Sending money TO the Philippines is quite easy......lots of ways to do it. You can't escape charges from either end, they both have to make a little. But, I send as much as needed from my US bank to my Philippine bank for $10 USD, I have also used xoom, moneygram............but I thing western union is about the most expensive. If you have an ATM card, you can go to just about any bank here to withdraw money. Most companies that transfer offer you the option of sending your own currency or exchange it to Philippine pesos, but don't be surprised if the rate is a little low, just to make more profit for them.
Sending money OUT of the Philippines requires much more time and documents.


----------



## Cebu Citizen (Dec 13, 2013)

Magee said:


> This subject may already be covered elsewhere and if so please redirect.
> 
> I would be interested to hear from members of their banking experiences in transferring moneys to either the Philippines or Singapore from Europe or the UK.
> 
> ...


My apologies for not directly addressing your question Magee...as I am not located in the UK but there must be something very similar and available to you there.

I bank with the international banking conglomerate "Wells Fargo" in the US and they have a program system in place called ExpressSend...it is a global remittance program where you can send money easily, quickly and inexpensively from your personal bank account to anywhere in the world.

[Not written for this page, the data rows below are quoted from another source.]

text \<open>Graph on vertices {1..n+m}, given by an edge relation E; honest agents are {1..n}.\<close>

definition deg :: "(nat \<Rightarrow> nat \<Rightarrow> bool) \<Rightarrow> nat \<Rightarrow> nat \<Rightarrow> nat \<Rightarrow> nat" where
  "deg E n m i = card {v \<in> {1..n+m}. E i v}"

definition Nhon :: "(nat \<Rightarrow> nat \<Rightarrow> bool) \<Rightarrow> nat \<Rightarrow> nat \<Rightarrow> nat set" where
  "Nhon E n i = {v \<in> {1..n}. E i v}"

definition dhon :: "(nat \<Rightarrow> nat \<Rightarrow> bool) \<Rightarrow> nat \<Rightarrow> nat \<Rightarrow> nat" where
  "dhon E n i = card (Nhon E n i)"

definition dhon_max :: "(nat \<Rightarrow> nat \<Rightarrow> bool) \<Rightarrow> nat \<Rightarrow> nat" where
  "dhon_max E n = Max (dhon E n ` {1..n})"

definition Upsilon :: "(nat \<Rightarrow> nat \<Rightarrow> bool) \<Rightarrow> nat \<Rightarrow> nat \<Rightarrow> real" where
  "Upsilon E n m = Min ((\<lambda>i. real (dhon E n i) / real (deg E n m i)) ` {1..n})"

definition hon_connected :: "(nat \<Rightarrow> nat \<Rightarrow> bool) \<Rightarrow> nat \<Rightarrow> bool" where
  "hon_connected E n \<longleftrightarrow>
     (\<forall>u\<in>{1..n}. \<forall>v\<in>{1..n}.
        (u, v) \<in> ({(a, b). a \<in> {1..n} \<and> b \<in> {1..n} \<and> E a b})\<^sup>*)"

text \<open>Sample point: omega (j, i) = (Y_j^(i), H_j^(i)).\<close>
definition noisy_space ::
  "(nat \<Rightarrow> nat \<Rightarrow> bool) \<Rightarrow> nat \<Rightarrow> nat \<Rightarrow> (nat \<times> nat \<Rightarrow> bool \<times> nat) measure" where
  "noisy_space E n m = PiM UNIV (\<lambda>(j, i).
      measure_pmf (pair_pmf (bernoulli_pmf (Upsilon E n m)) (pmf_of_set (Nhon E n i))))"

fun infected :: "nat \<Rightarrow> nat \<Rightarrow> (nat \<times> nat \<Rightarrow> bool \<times> nat) \<Rightarrow> nat \<Rightarrow> nat set" where
  "infected n istar \<omega> 0 = {istar}"
| "infected n istar \<omega> (Suc j) = infected n istar \<omega> j \<union>
     {i \<in> {1..n}. i \<notin> infected n istar \<omega> j \<and> fst (\<omega> (Suc j, i))
        \<and> snd (\<omega> (Suc j, i)) \<in> infected n istar \<omega> j}"
lemma orthonormal_expansion:
  fixes V :: "'n \<Rightarrow> 'n::finite \<Rightarrow> complex"
  assumes on: "orthonormal V UNIV"
  shows "x = (\<Sum>k\<in>UNIV. vscale (cinner (V k) x) (V k))"
proof (rule ccontr)
  \<comment> \<open>Otherwise the normalised residual extends \<open>V\<close> to \<open>CARD('n) + 1\<close> orthonormal vectors.\<close>
  let ?y = "x - (\<Sum>k\<in>UNIV. vscale (cinner (V k) x) (V k))"
  assume "x \<noteq> (\<Sum>k\<in>UNIV. vscale (cinner (V k) x) (V k))"
  then obtain c where c: "cinner (vscale c ?y) (vscale c ?y) = 1"
    using normalize_nonzero_vec[of ?y] by auto
  let ?U = "\<lambda>q. case q of None \<Rightarrow> undefined | Some k \<Rightarrow> V k"
  have "orthonormal ?U (Some ` UNIV)"
    using on by (auto simp: orthonormal_def)
  moreover have "\<forall>k\<in>Some ` UNIV. cinner (?U k) (vscale c ?y) = 0"
    using cinner_residual[OF _ on] by (auto simp: cinner_vscale_right)
  ultimately have "orthonormal (?U(None := vscale c ?y)) (insert None (Some ` UNIV))"
    using c by (intro orthonormal_insert) auto
  then have "card (insert None (Some ` (UNIV :: 'n set))) \<le> CARD('n)"
    by (intro orthonormal_card_le) simp_all
  then show False
    by (simp add: card_image)
qed

lemma orthonormal_vec_eqI:
  fixes V :: "'n \<Rightarrow> 'n::finite \<Rightarrow> complex"
  assumes "orthonormal V UNIV" and "\<And>k. cinner u (V k) = cinner v (V k)"
  shows "u = v"
proof -
  have "\<And>k. cinner (V k) u = cinner (V k) v"
    using assms(2) cnj_cinner by metis
  then show ?thesis
    using orthonormal_expansion[OF assms(1), of u] orthonormal_expansion[OF assms(1), of v] by simp
qed

lemma cinner_sum_eigen:
  "cinner x (\<Sum>k\<in>K. vscale (cinner (V k) x * f k) (V k)) =
     (\<Sum>k\<in>K. of_real ((cmod (cinner (V k) x))\<^sup>2) * f k)"
proof -
  have "\<And>k. cinner (V k) x * cinner x (V k) = of_real ((cmod (cinner (V k) x))\<^sup>2)"
    using complex_norm_square cnj_cinner by metis
  then show ?thesis
    by (simp add: cinner_sum_right cinner_vscale_right mult_ac)
qed
lemma fix_var_dual: "x < n \<Longrightarrow> fix_var (dual n f) x c = dual n (fix_var f x (\<not> c))"
  by (simp add: fix_var_def dual_def cube_compl_fun_upd fun_eq_iff)

lemma canalizing_dual:
  assumes "w < n"
  shows "canalizing n (dual n f) w c \<longleftrightarrow> canalizing n f w (\<not> c)"
proof -
  have "canalizing n (dual n f) w c \<longleftrightarrow>
    (\<forall>a\<in>cube n. cube_compl n a w = c \<longrightarrow> dual n f (cube_compl n a) = c)"
    unfolding canalizing_def by (rule ball_cube_compl[symmetric])
  also have "\<dots> \<longleftrightarrow> canalizing n f w (\<not> c)"
    using assms by (auto simp: canalizing_def dual_def cube_compl_apply)
  finally show ?thesis .
qed

section \<open>The lower bound\<close>

lemma relevant_in_max_zero:
  assumes p: "positive n f" and x: "relevant n f x"
  obtains b where "b \<in> max_zeros n f" "\<not> b x"
proof -
  obtain m where m: "m \<in> min_ones n (dual n f)" "m x"
    using relevant_in_min_one[OF positive_dual[OF p]] x by (metis relevant_dual)
  then obtain b where "b \<in> max_zeros n f" "m = cube_compl n b" by (auto simp: min_ones_dual)
  with m(2) that show ?thesis by (simp add: cube_compl_apply)
qed

lemma min_one_fix_var_True_lift:
  assumes p: "positive n f" and x: "x < n" and a: "a \<in> min_ones n (fix_var f x True)"
  shows "(if f a then a else a(x := True)) \<in> min_ones n f"
proof -
  have ac: "a \<in> cube n" and ax: "\<not> a x" and fa: "f (a(x := True))"
    using a min_one_fix_var_not[OF a] by (auto simp: min_ones_iff fix_var_def)
  have below: "c(x := False) = a" if c: "c \<in> cube n" "f c" "c(x := False) \<le> a" for c
  proof -
    have "f (c(x := True))" using positiveD[OF p c(1), of "c(x := True)"] c x by (simp add: le_fun_def)
    then show ?thesis using a c x by (auto simp: min_ones_iff fix_var_def)
  qed
  show ?thesis
  proof (cases "f a")
    case True
    have "c = a" if c: "c \<in> cube n" "f c" "c \<le> a" for c
    proof -
      have "c(x := False) = c" using c(3) ax by (auto simp: le_fun_def fun_eq_iff)
      then show ?thesis using below[OF c(1,2)] c(3) by simp
    qed
    then have "a \<in> min_ones n f" using True ac unfolding min_ones_iff by blast
    with True show ?thesis by simp
  next
    case False
    have "c = a(x := True)" if c: "c \<in> cube n" "f c" "c \<le> a(x := True)" for c
    proof -
      have ca: "c(x := False) = a" using below[OF c(1,2)] c(3) by (auto simp: le_fun_def)
      show ?thesis
      proof (cases "c x")
        case True
        then have "c = (c(x := False))(x := True)" by (simp add: fun_eq_iff)
        with ca show ?thesis by simp
      next
        case False
        then have "c(x := False) = c" by (simp add: fun_upd_idem)
        with ca have "c = a" by simp
        with \<open>\<not> f a\<close> c(2) show ?thesis by simp
      qed
    qed
    moreover have "a(x := True) \<in> cube n" using ac x by simp
    ultimately have "a(x := True) \<in> min_ones n f" using fa unfolding min_ones_iff by blast
    with False show ?thesis by simp
  qed
qed

lemma inj_on_fix_var_True_lift:
  "inj_on (\<lambda>a. if f a then a else a(x := True)) (min_ones n (fix_var f x True))"
proof (rule inj_onI)
  fix a b assume a: "a \<in> min_ones n (fix_var f x True)" and b: "b \<in> min_ones n (fix_var f x True)"
    and eq: "(if f a then a else a(x := True)) = (if f b then b else b(x := True))"
  have "(if f c then c else c(x := True))(x := False) = c" if "c \<in> min_ones n (fix_var f x True)" for c
    using min_one_fix_var_not[OF that] by (simp add: fun_upd_idem)
  from this[OF a] this[OF b] eq show "a = b" by metis
qed

lemma max_zeros_fix_var_True_subset:
  assumes "x < n"
  shows "max_zeros n (fix_var f x True) \<subseteq> max_zeros n f"
proof
  fix b assume b: "b \<in> max_zeros n (fix_var f x True)"
  have bx: "b x" using max_zero_fix_var[OF assms b] .
  have bmax: "\<forall>y\<in>cube n. \<not> f (y(x := True)) \<and> b \<le> y \<longrightarrow> y = b"
    using b by (simp add: max_zeros_iff fix_var_def)
  have "y = b" if y: "y \<in> cube n" "\<not> f y" "b \<le> y" for y
  proof -
    have "y(x := True) = y" using bx y(3) by (auto simp: le_fun_def fun_eq_iff)
    with y bmax show ?thesis by metis
  qed
  moreover have "b(x := True) = b" using bx by (simp add: fun_upd_idem)
  ultimately show "b \<in> max_zeros n f" using b unfolding max_zeros_iff fix_var_def by metis
qed
lemma W21_const: "W21 (\<lambda>x. c) (\<lambda>x. 0)"
  by (rule W21I) (simp_all add: L2_zero)

lemma W21_primitive: "L2 h \<Longrightarrow> W21 (\<lambda>x. LINT t|lebesgue_on {0..x}. h t) h"
  using integral_lebesgue_on_singleton[of 0 h] by (intro W21I) simp_all

lemma W21_if_has_vector_derivative:
  assumes der: "\<And>x. x \<in> {0..1} \<Longrightarrow> (F has_vector_derivative F' x) (at x within {0..1})"
    and cont: "continuous_on {0..1} F'"
  shows "W21 F F'"
proof (rule W21I)
  show "L2 F'" using cont by (rule continuous_imp_L2)
  fix x :: real assume x: "x \<in> {0..1}"
  have "(F' has_integral (F x - F 0)) {0..x}"
    using x by (intro fundamental_theorem_of_calculus)
      (auto intro: has_vector_derivative_within_subset[OF der])
  moreover have "integrable (lebesgue_on {0..x}) F'"
    using x by (intro continuous_imp_integrable_real continuous_on_subset[OF cont]) auto
  ultimately have "(LINT t|lebesgue_on {0..x}. F' t) = F x - F 0"
    by (simp add: lebesgue_integral_eq_integral integral_unique)
  then show "F x = F 0 + (LINT t|lebesgue_on {0..x}. F' t)" by simp
qed

lemma integral_tail:
  fixes b :: "real \<Rightarrow> complex"
  assumes b: "integrable (lebesgue_on {0..c}) b" and s: "s \<in> {0..c}"
  shows "(LINT t|lebesgue_on {0..c}. (if s \<le> t then b t else 0))
    = (LINT t|lebesgue_on {0..c}. b t) - (LINT t|lebesgue_on {0..s}. b t)"
proof -
  have [measurable]: "b \<in> borel_measurable (lebesgue_on {0..c})" using b by auto
  have i: "integrable (lebesgue_on {0..c}) (\<lambda>t. if s \<le> t then b t else 0)"
    "integrable (lebesgue_on {0..c}) (\<lambda>t. if t \<in> {0..s} then b t else 0)"
    by (auto intro: Bochner_Integration.integrable_bound[OF b])
  have "(LINT t|lebesgue_on {0..c}. (if s \<le> t then b t else 0) + (if t \<in> {0..s} then b t else 0))
      = (LINT t|lebesgue_on {0..c}. b t)"
  proof (rule integral_cong_AE)
    show "AE t in lebesgue_on {0..c}. (if s \<le> t then b t else 0) + (if t \<in> {0..s} then b t else 0) = b t"
      using AE_lebesgue_on_Icc_neq[of s 0 c] by (rule AE_mp) (rule AE_I2, auto)
  qed measurable
  then show ?thesis
    unfolding Bochner_Integration.integral_add[OF i] integral_subinterval_if[OF s] by (simp add: algebra_simps)
qed

lemma integrable_triangle_product:
  fixes a b :: "real \<Rightarrow> complex"
  assumes a: "integrable (lebesgue_on {0..c}) a" and b: "integrable (lebesgue_on {0..c}) b"
  shows "integrable (lebesgue_on {0..c} \<Otimes>\<^sub>M lebesgue_on {0..c}) (\<lambda>(s, t). if s \<le> t then a s * b t else 0)"
proof (rule Bochner_Integration.integrable_bound)
  interpret finite_measure "lebesgue_on {0..c}" by (rule finite_measure_lebesgue_on) simp
  interpret pair_sigma_finite "lebesgue_on {0..c}" "lebesgue_on {0..c}" by unfold_locales
  have [measurable]: "a \<in> borel_measurable (lebesgue_on {0..c})" "b \<in> borel_measurable (lebesgue_on {0..c})"
    using a b by auto
  show "integrable (lebesgue_on {0..c} \<Otimes>\<^sub>M lebesgue_on {0..c}) (\<lambda>p. a (fst p) * b (snd p))"
    by (rule Fubini_integrable) (auto simp: norm_mult a b)
  show "(\<lambda>(s, t). if s \<le> t then a s * b t else 0) \<in> borel_measurable (lebesgue_on {0..c} \<Otimes>\<^sub>M lebesgue_on {0..c})"
    by measurable
qed auto

text \<open>Fubini on the triangle \<open>s \<le> t\<close>.\<close>

lemma integral_primitive_product:
  fixes a b :: "real \<Rightarrow> complex"
  assumes ia: "integrable (lebesgue_on {0..c}) a" and ib: "integrable (lebesgue_on {0..c}) b"
  shows "(LINT s|lebesgue_on {0..c}. a s * (LINT t|lebesgue_on {0..s}. b t) + (LINT t|lebesgue_on {0..s}. a t) * b s)
       = (LINT t|lebesgue_on {0..c}. a t) * (LINT t|lebesgue_on {0..c}. b t)"
proof -
  define N where "N = lebesgue_on {0..c}"
  define A where "A s = (LINT t|lebesgue_on {0..s}. a t)" for s
  define B where "B s = (LINT t|lebesgue_on {0..s}. b t)" for s
  define P where "P s t = (if s \<le> t then a s * b t else 0)" for s t
  interpret N: finite_measure N unfolding N_def by (rule finite_measure_lebesgue_on) simp
  interpret NN: pair_sigma_finite N N by unfold_locales
  have ia': "integrable N a" using ia by (simp add: N_def)
  have [measurable]: "a \<in> borel_measurable N" "b \<in> borel_measurable N" "(\<lambda>x::real. x) \<in> borel_measurable N"
    using ia ib by (auto simp: N_def)
  have spN: "space N = {0..c}" by (simp add: N_def)
  have iBa: "integrable N (\<lambda>s. B s * a s)" and iAb: "integrable N (\<lambda>s. A s * b s)"
    unfolding N_def A_def B_def
    by (intro integrable_mult_continuous indefinite_integral_continuous_real ia ib)+
  have inner_t: "A t * b t = (LINT s|N. P s t)" if "t \<in> {0..c}" for t
  proof -
    have "A t * b t = (LINT s|N. (if s \<in> {0..t} then a s else 0) * b t)"
      unfolding A_def N_def integral_subinterval_if[OF that] by simp
    also have "\<dots> = (LINT s|N. P s t)"
      by (rule Bochner_Integration.integral_cong) (auto simp: P_def spN)
    finally show ?thesis .
  qed
  have inner_s: "(LINT t|N. P s t) = a s * (B c - B s)" if "s \<in> {0..c}" for s
  proof -
    have "(LINT t|N. P s t) = (LINT t|N. a s * (if s \<le> t then b t else 0))"
      by (rule Bochner_Integration.integral_cong) (auto simp: P_def)
    then show ?thesis using integral_tail[OF ib that] unfolding N_def B_def by simp
  qed
  have iP: "integrable (N \<Otimes>\<^sub>M N) (case_prod P)"
    unfolding N_def P_def by (rule integrable_triangle_product[OF ia ib])
  have "(LINT t|N. A t * b t) = (LINT t|N. (LINT s|N. P s t))"
    by (rule Bochner_Integration.integral_cong) (auto simp: spN inner_t)
  also have "\<dots> = (LINT s|N. (LINT t|N. P s t))"
    by (rule NN.Fubini_integral[OF iP])
  also have "\<dots> = (LINT s|N. a s * B c - B s * a s)"
    by (rule Bochner_Integration.integral_cong) (auto simp: spN inner_s algebra_simps)
  also have "\<dots> = A c * B c - (LINT s|N. B s * a s)"
    using ia' iBa by (simp add: A_def N_def mult.commute)
  finally have "(LINT s|N. a s * B s + A s * b s) = A c * B c"
    using iBa iAb by (simp add: mult.commute)
  then show ?thesis unfolding A_def B_def N_def .
qed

I can send UP TO $3,000.00 per day from my US bank account...to my BPI bank account in the Philippines for ONLY $5.00! Yes you are reading this right...up to $3,000 per day for only $5.00 service charge AND THERE ARE NO SERVICE FEES on the Philippine end!

BPI DOES NOT charge me any fee for receiving these funds into my account.

AND the BEST part of this...It takes ONLY ONE DAY for the transfer! AND I can do it online from my Wells Fargo webpage! I can submit a remittance amount today and in 24 hours or less, my funds are electronically deposited directly into my account and available for withdrawal in my bank in the Philippines.

I have done this many, many times and it works great! Absolutely phenomenal!

I can have all of my direct deposits go safely into my US insured bank account, yet I have very easy and fast access to all of my funds at a moments notice...NO WAITING for countless numbers of business days waiting for a deposit to clear the Philippine banking system.

Check out the program at the Wells Fargo website and then ask your banks if they have something like this available to you in the UK.

Hassle free electronic banking at its finest! Its easy, its fast and its inexpensive!!!!!


----------